(Beginning of Information supplied)

text \<open>Fix a vertex \<open>x\<close> and a co-clique \<open>T\<close> of size \<open>t\<close> in \<open>\<Delta>(x)\<close>. Each \<open>u \<in> T\<close> together with
  its \<open>a\<^sub>1\<close> neighbours in \<open>\<Gamma>(x)\<close> gives a subset of \<open>\<Gamma>(x)\<close> of size \<open>a\<^sub>1 + 1\<close>, so by the Bonferroni
  inequality \<open>k \<ge> t (a\<^sub>1 + 1) - \<Sum> |\<Gamma>(u) \<inter> \<Gamma>(v) \<inter> \<Gamma>(x)|\<close>, summed over the pairs of \<open>T\<close>. The
  vertices \<open>u, v\<close> are at distance 2 and \<open>x\<close> is one of their \<open>c\<^sub>2\<close> common neighbours lying outside
  \<open>\<Gamma>(x)\<close>, so each summand is at most \<open>c\<^sub>2 - 1\<close>; this is (ii). If equality holds for some \<open>t\<close>,
  every such summand equals \<open>c\<^sub>2 - 1\<close>; but two non-adjacent common neighbours \<open>w, w'\<close> of
  \<open>u, v\<close> would, for \<open>x = w\<close>, give two common neighbours outside \<open>\<Gamma>(w)\<close>. Hence all
  \<open>\<mu>\<close>-graphs are cliques. For (i), a co-clique through \<open>y, z\<close> that is maximal in \<open>\<Delta>(x)\<close>
  dominates \<open>\<Delta>(x)\<close>, so the \<open>k\<close> vertices of \<open>\<Gamma>(x)\<close> are covered by its members' closed
  neighbourhoods of size \<open>a\<^sub>1 + 1\<close>.\<close>

lemma two_mult_choose_two: "2 * (n choose 2) = n * (n - 1)"
  by (cases "even n") (auto simp: choose_two)

text \<open>Bonferroni's inequality, with each unordered pair counted twice.\<close>

lemma card_UN_pairwise_lower_bound:
  fixes A :: "'i \<Rightarrow> 'a set"
  assumes "finite I" and "\<And>i. i \<in> I \<Longrightarrow> finite (A i)"
  shows "2 * (\<Sum>i\<in>I. int (card (A i))) - (\<Sum>i\<in>I. \<Sum>j\<in>I - {i}. int (card (A i \<inter> A j)))
           \<le> 2 * int (card (\<Union>i\<in>I. A i))"
  using assms
proof (induction I rule: finite_induct)
  case empty
  then show ?case by simp
next
  case (insert w F)
  define U where "U = (\<Union>i\<in>F. A i)"
  define p where "p i j = int (card (A i \<inter> A j))" for i j
  have IH: "2 * (\<Sum>i\<in>F. int (card (A i))) - (\<Sum>i\<in>F. \<Sum>j\<in>F - {i}. p i j) \<le> 2 * int (card U)"
    using insert by (simp add: U_def p_def)
  have "card (A w \<inter> U) \<le> (\<Sum>j\<in>F. card (A w \<inter> A j))"
    unfolding U_def Int_UN_distrib by (rule card_UN_le[OF insert.hyps(1)])
  then have overlap: "int (card (A w \<inter> U)) \<le> (\<Sum>j\<in>F. p w j)"
    unfolding p_def by (simp flip: of_nat_sum)
  have "card (A w) + card U = card (A w \<union> U) + card (A w \<inter> U)"
    using insert.prems by (intro card_Un_Int) (auto simp: U_def insert.hyps)
  then have union: "int (card (A w \<union> U)) = int (card (A w)) + int (card U) - int (card (A w \<inter> U))"
    by linarith
  have "(\<Sum>i\<in>F. \<Sum>j\<in>insert w F - {i}. p i j) = (\<Sum>i\<in>F. p i w + (\<Sum>j\<in>F - {i}. p i j))"
  proof (rule sum.cong[OF refl])
    fix i assume "i \<in> F"
    then have "insert w F - {i} = insert w (F - {i})" using insert.hyps by auto
    then show "(\<Sum>j\<in>insert w F - {i}. p i j) = p i w + (\<Sum>j\<in>F - {i}. p i j)"
      using insert.hyps by simp
  qed
  also have "\<dots> = (\<Sum>j\<in>F. p w j) + (\<Sum>i\<in>F. \<Sum>j\<in>F - {i}. p i j)"
    by (simp add: sum.distrib p_def Int_commute)
  finally have pairs: "(\<Sum>i\<in>insert w F. \<Sum>j\<in>insert w F - {i}. p i j)
      = 2 * (\<Sum>j\<in>F. p w j) + (\<Sum>i\<in>F. \<Sum>j\<in>F - {i}. p i j)"
    using insert.hyps by (simp add: insert_Diff_if)
  show ?case
    using IH overlap union pairs insert.hyps by (simp add: U_def p_def)
qed

lemma divide_choose_two_le:
  fixes X B P :: int and t :: nat
  assumes t: "2 \<le> t" and "0 \<le> P" and bound: "2 * X + P \<le> int t * (int t - 1) * B"
  shows "real_of_int X / real (t choose 2) \<le> real_of_int B"
    and "real_of_int X / real (t choose 2) = real_of_int B \<Longrightarrow> P = 0"
proof -
  have "real (2 * (t choose 2)) = real (t * (t - 1))"
    by (simp only: two_mult_choose_two)
  then have C: "2 * real (t choose 2) = real_of_int (int t * (int t - 1))"
    using t by (simp add: of_nat_diff)
  have C_pos: "real (t choose 2) > 0"
    using t by simp
  have "real_of_int (2 * X + P) \<le> real_of_int (int t * (int t - 1) * B)"
    using bound by linarith
  then have "2 * real_of_int X + real_of_int P \<le> 2 * real (t choose 2) * real_of_int B"
    unfolding C by simp
  then have scaled: "2 * real_of_int X + real_of_int P \<le> 2 * (real_of_int B * real (t choose 2))"
    by (simp add: mult_ac)
  then show "real_of_int X / real (t choose 2) \<le> real_of_int B"
    using C_pos \<open>0 \<le> P\<close> by (simp add: divide_le_eq)
  assume "real_of_int X / real (t choose 2) = real_of_int B"
  then have "real_of_int X = real_of_int B * real (t choose 2)"
    using C_pos by (simp add: divide_eq_eq)
  then show "P = 0"
    using scaled \<open>0 \<le> P\<close> by linarith
qed

lemma maximal_coclique_extension:
  assumes A: "finite A" and S\<^sub>0: "S\<^sub>0 \<subseteq> A" "coclique E S\<^sub>0"
    and irrefl: "\<And>u. \<not> E u u" and sym: "\<And>u v. E u v \<Longrightarrow> E v u"
  obtains S where "S\<^sub>0 \<subseteq> S" "S \<subseteq> A" "coclique E S" "\<forall>w\<in>A - S. \<exists>u\<in>S. E u w"
proof -
  define P where "P S \<longleftrightarrow> S\<^sub>0 \<subseteq> S \<and> S \<subseteq> A \<and> coclique E S" for S
  have "P S\<^sub>0"
    using S\<^sub>0 by (simp add: P_def)
  moreover have "\<forall>S. P S \<longrightarrow> card S < card A + 1"
    using A by (simp add: P_def card_mono le_imp_less_Suc)
  ultimately obtain S where S: "P S" and max: "\<And>S'. P S' \<Longrightarrow> card S' \<le> card S"
    using ex_has_greatest_nat[of P S\<^sub>0 card] by blast
  have "\<exists>u\<in>S. E u w" if w: "w \<in> A - S" for w
  proof (rule ccontr)
    assume "\<not> (\<exists>u\<in>S. E u w)"
    then have "coclique E (insert w S)"
      using S irrefl sym unfolding P_def coclique_def by blast
    then have "P (insert w S)"
      using S w unfolding P_def by blast
    then have "card (insert w S) \<le> card S"
      by (rule max)
    moreover have "finite S"
      using S A finite_subset unfolding P_def by blast
    ultimately show False
      using w by simp
  qed
  then show ?thesis
    using S that unfolding P_def by blast
qed

lemma gdist_le_walk: "(x, y) \<in> adj_rel V E ^^ n \<Longrightarrow> gdist V E x y \<le> n"
  unfolding gdist_def by (rule Least_le)

lemma walk_2_iff:
  assumes "simple_graph V E"
  shows "(x, y) \<in> adj_rel V E ^^ 2 \<longleftrightarrow> (\<exists>w. E x w \<and> E w y)"
  using assms unfolding numeral_2_eq_2 relpow.simps adj_rel_def simple_graph_def by auto

locale distance_regular_graph =
  fixes V :: "'a set" and E :: "'a \<Rightarrow> 'a \<Rightarrow> bool" and b c :: "nat \<Rightarrow> nat"
  assumes distance_regular: "distance_regular V E b c"
begin

lemma simple: "simple_graph V E"
  and connected: "connected_graph V E"
  using distance_regular by (simp_all add: distance_regular_def)

lemma adj_in_V: "E x y \<Longrightarrow> x \<in> V" "E x y \<Longrightarrow> y \<in> V"
  and adj_sym: "E x y \<Longrightarrow> E y x"
  and adj_irrefl: "\<not> E x x"
  using simple by (simp_all add: simple_graph_def)

lemma finite_nbrs: "finite (nbrs E x)"
  using simple unfolding simple_graph_def nbrs_def
  by (metis (no_types, lifting) finite_subset mem_Collect_eq subsetI)

lemma gdist_eq_iff:
  assumes "x \<in> V" "y \<in> V"
  shows "gdist V E x y = n \<longleftrightarrow>
    (x, y) \<in> adj_rel V E ^^ n \<and> (\<forall>m<n. (x, y) \<notin> adj_rel V E ^^ m)"
proof
  have "\<exists>n. (x, y) \<in> adj_rel V E ^^ n"
    using connected assms unfolding connected_graph_def by blast
  then have "(x, y) \<in> adj_rel V E ^^ gdist V E x y"
    unfolding gdist_def by (rule LeastI_ex)
  moreover have "(x, y) \<notin> adj_rel V E ^^ m" if "m < gdist V E x y" for m
    using that unfolding gdist_def by (rule not_less_Least)
  moreover assume "gdist V E x y = n"
  ultimately show "(x, y) \<in> adj_rel V E ^^ n \<and> (\<forall>m<n. (x, y) \<notin> adj_rel V E ^^ m)"
    by blast
next
  assume n: "(x, y) \<in> adj_rel V E ^^ n \<and> (\<forall>m<n. (x, y) \<notin> adj_rel V E ^^ m)"
  show "gdist V E x y = n"
    unfolding gdist_def
  proof (rule Least_equality)
    show "(x, y) \<in> adj_rel V E ^^ n"
      using n by blast
    show "n \<le> m" if "(x, y) \<in> adj_rel V E ^^ m" for m
      using n that not_le by blast
  qed
qed

lemma gdist_0_iff: "x \<in> V \<Longrightarrow> y \<in> V \<Longrightarrow> gdist V E x y = 0 \<longleftrightarrow> x = y"
  by (simp add: gdist_eq_iff)

lemma gdist_1_iff: "x \<in> V \<Longrightarrow> y \<in> V \<Longrightarrow> gdist V E x y = 1 \<longleftrightarrow> E x y"
  using adj_irrefl by (auto simp: gdist_eq_iff adj_rel_def)

lemma gdist_2_iff:
  "x \<in> V \<Longrightarrow> y \<in> V \<Longrightarrow> gdist V E x y = 2 \<longleftrightarrow> x \<noteq> y \<and> \<not> E x y \<and> (\<exists>w. E x w \<and> E w y)"
  using walk_2_iff[OF simple]
  by (auto simp: gdist_eq_iff adj_rel_def numeral_2_eq_2 less_Suc_eq)

lemma induced_path_if_diameter_ge_2:
  assumes "diameter V E \<ge> 2"
  obtains x y z where "E x y" "E x z" "y \<noteq> z" "\<not> E y z"
proof -
  have "finite V" "V \<noteq> {}"
    using simple by (auto simp: simple_graph_def)
  then have "diameter V E \<in> {gdist V E x y | x y. x \<in> V \<and> y \<in> V}"
    unfolding diameter_def by (intro Max_in) (auto intro: finite_image_set2)
  then obtain x y where xy: "x \<in> V" "y \<in> V" and n: "gdist V E x y \<ge> 2"
    using assms by auto
  define n where "n = gdist V E x y"
  have "(x, y) \<in> adj_rel V E ^^ n"
    using gdist_eq_iff[OF xy] n_def by blast
  moreover have "adj_rel V E ^^ n = adj_rel V E ^^ 2 O adj_rel V E ^^ (n - 2)"
    using n n_def by (metis le_add_diff_inverse relpow_add)
  ultimately obtain m where m: "(x, m) \<in> adj_rel V E ^^ 2" "(m, y) \<in> adj_rel V E ^^ (n - 2)"
    by blast
  obtain w where w: "E x w" "E w m"
    using m(1) walk_2_iff[OF simple] by blast
  have "gdist V E x m \<ge> 2"
  proof (rule ccontr)
    assume "\<not> gdist V E x m \<ge> 2"
    moreover have "(x, m) \<in> adj_rel V E ^^ gdist V E x m"
      using gdist_eq_iff xy(1) adj_in_V(2)[OF w(2)] by blast
    with m(2) have "(x, y) \<in> adj_rel V E ^^ (gdist V E x m + (n - 2))"
      by (metis relcompI relpow_add)
    ultimately show False
      using gdist_le_walk n n_def by fastforce
  qed
  then have "x \<noteq> m" "\<not> E x m"
    using gdist_0_iff gdist_1_iff xy(1) adj_in_V(2)[OF w(2)] by fastforce+
  then show ?thesis
    using that[of w x m] w adj_sym by blast
qed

(End of Information supplied)

- _Problem description_
Given the word "noteq", show every line of the records that contains it.

- _Result_
  "x \<in> V \<Longrightarrow> y \<in> V \<Longrightarrow> gdist V E x y = 2 \<longleftrightarrow> x \<noteq> y \<and> \<not> E x y \<and> (\<exists>w. E x w \<and> E w y)"
  obtains x y z where "E x y" "E x z" "y \<noteq> z" "\<not> E y z"
  have "finite V" "V \<noteq> {}"
  then have "x \<noteq> m" "\<not> E x m"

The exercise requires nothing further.